• [What to produce]: Since each line must match the original, copy out the records with no differences at all.

• [Data records]:
· · · · · · ·
(* Let $\varphi(z,x,y)$ satisfy Conditions (C1)–(C5) described in the context, be twice continuously differentiable in $z$, and satisfy $\varphi''(z,x,y)\ge c_7z^{-2}\varphi(z,x,y)$ for $z>0$ and a.e. $(x,y)$, with a constant $c_7$ independent of $z,x,y$. Let $\psi(z,x,y)$ be non-negative, non-decreasing and twice continuously differentiable in $z$ for a.e. $(x,y)\in\Omega\times\Omega$, satisfy Conditions (C1), (C4), (C5), and the estimate $$\psi''(z,x,y)\ge -c_9z^{-1}\psi'(z,x,y)-c_{10}z^{-2}\psi(z,x,y)\quad\text{for a.e. }(x,y),$$ where $c_9<2$ and $c_{10}<c_7$ are constants independent of $z,x,y$. Suppose also that for some $q\ge0$ independent of $z,x,y$ the function $z\mapsto\psi(z,x,y)/z^q$ is non-increasing for a.e. $(x,y)$. Then the function $\psi(z,x,y)\varphi(z,x,y)$ satisfies Conditions (C1)–(C5).
   Context: Let $\Omega\subseteq\mathbb R^d$ be a domain; functions in $L_{1,loc}(\Omega)$ are complex-valued; derivatives $'$ are with respect to $z$. A real function $r$ on $[0,\infty)$ is almost increasing (resp. almost decreasing) with constant $\beta\ge1$ if $r(s)\le\beta r(t)$ (resp. $\beta r(s)\ge r(t)$) for all $0\le s\le t$. For a function $\theta:[0,\infty)\times\Omega\times\Omega\to[0,\infty)$: (C1) for each $u\in L_{1,loc}(\Omega)$ the function $(x,y)\mapsto\theta(|u(x)-u(y)|,x,y)$ is measurable on $\Omega\times\Omega$; (C2) for every $\varepsilon>0$ there is $\delta\in(0,1)$ such that $\theta(\frac{s+t}{2},x,y)\le(1-\delta)\frac{\theta(s,x,y)+\theta(t,x,y)}{2}$ for a.e. $(x,y)$ and all $s,t>0$ with $|s-t|\ge\varepsilon\max\{s,t\}$; (C3) there are constants $1<p_-\le p_+$ and $\beta\ge1$ such that for a.e. $(x,y)$ the function $t\mapsto\theta(t,x,y)/t^{p_-}$ is almost increasing with constant $\beta$ and $t\mapsto\theta(t,x,y)/t^{p_+}$ is almost decreasing with constant $\beta$; (C4) for a.e. $(x,y)$: $c_1^{-1}\le\theta(1,x,y)\le c_1$ with some constant $c_1>0$, $\theta(0,x,y)=0$, and $\theta(t,x,y)>0$ for $t>0$; (C5) for a.e. $(x,y)$, $\theta(t,x,y)$ is differentiable in $t>0$ and $0<t\theta'(t,x,y)\le c_2\theta(t,x,y)$ for $t>0$, with some constant $c_2>1$. *)

theory Defs
  imports "HOL-Analysis.Analysis"
begin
· · · · · · ·
• [Completed task]:
(* Let $\varphi(z,x,y)$ satisfy Conditions (C1)–(C5) described in the context, be twice continuously differentiable in $z$, and satisfy $\varphi''(z,x,y)\ge c_7z^{-2}\varphi(z,x,y)$ for $z>0$ and a.e. $(x,y)$, with a constant $c_7$ independent of $z,x,y$. Let $\psi(z,x,y)$ be non-negative, non-decreasing and twice continuously differentiable in $z$ for a.e. $(x,y)\in\Omega\times\Omega$, satisfy Conditions (C1), (C4), (C5), and the estimate $$\psi''(z,x,y)\ge -c_9z^{-1}\psi'(z,x,y)-c_{10}z^{-2}\psi(z,x,y)\quad\text{for a.e. }(x,y),$$ where $c_9<2$ and $c_{10}<c_7$ are constants independent of $z,x,y$. Suppose also that for some $q\ge0$ independent of $z,x,y$ the function $z\mapsto\psi(z,x,y)/z^q$ is non-increasing for a.e. $(x,y)$. Then the function $\psi(z,x,y)\varphi(z,x,y)$ satisfies Conditions (C1)–(C5).
   Context: Let $\Omega\subseteq\mathbb R^d$ be a domain; functions in $L_{1,loc}(\Omega)$ are complex-valued; derivatives $'$ are with respect to $z$. A real function $r$ on $[0,\infty)$ is almost increasing (resp. almost decreasing) with constant $\beta\ge1$ if $r(s)\le\beta r(t)$ (resp. $\beta r(s)\ge r(t)$) for all $0\le s\le t$. For a function $\theta:[0,\infty)\times\Omega\times\Omega\to[0,\infty)$: (C1) for each $u\in L_{1,loc}(\Omega)$ the function $(x,y)\mapsto\theta(|u(x)-u(y)|,x,y)$ is measurable on $\Omega\times\Omega$; (C2) for every $\varepsilon>0$ there is $\delta\in(0,1)$ such that $\theta(\frac{s+t}{2},x,y)\le(1-\delta)\frac{\theta(s,x,y)+\theta(t,x,y)}{2}$ for a.e. $(x,y)$ and all $s,t>0$ with $|s-t|\ge\varepsilon\max\{s,t\}$; (C3) there are constants $1<p_-\le p_+$ and $\beta\ge1$ such that for a.e. $(x,y)$ the function $t\mapsto\theta(t,x,y)/t^{p_-}$ is almost increasing with constant $\beta$ and $t\mapsto\theta(t,x,y)/t^{p_+}$ is almost decreasing with constant $\beta$; (C4) for a.e. $(x,y)$: $c_1^{-1}\le\theta(1,x,y)\le c_1$ with some constant $c_1>0$, $\theta(0,x,y)=0$, and $\theta(t,x,y)>0$ for $t>0$; (C5) for a.e. $(x,y)$, $\theta(t,x,y)$ is differentiable in $t>0$ and $0<t\theta'(t,x,y)\le c_2\theta(t,x,y)$ for $t>0$, with some constant $c_2>1$. *)

theory Defs
  imports "HOL-Analysis.Analysis"
begin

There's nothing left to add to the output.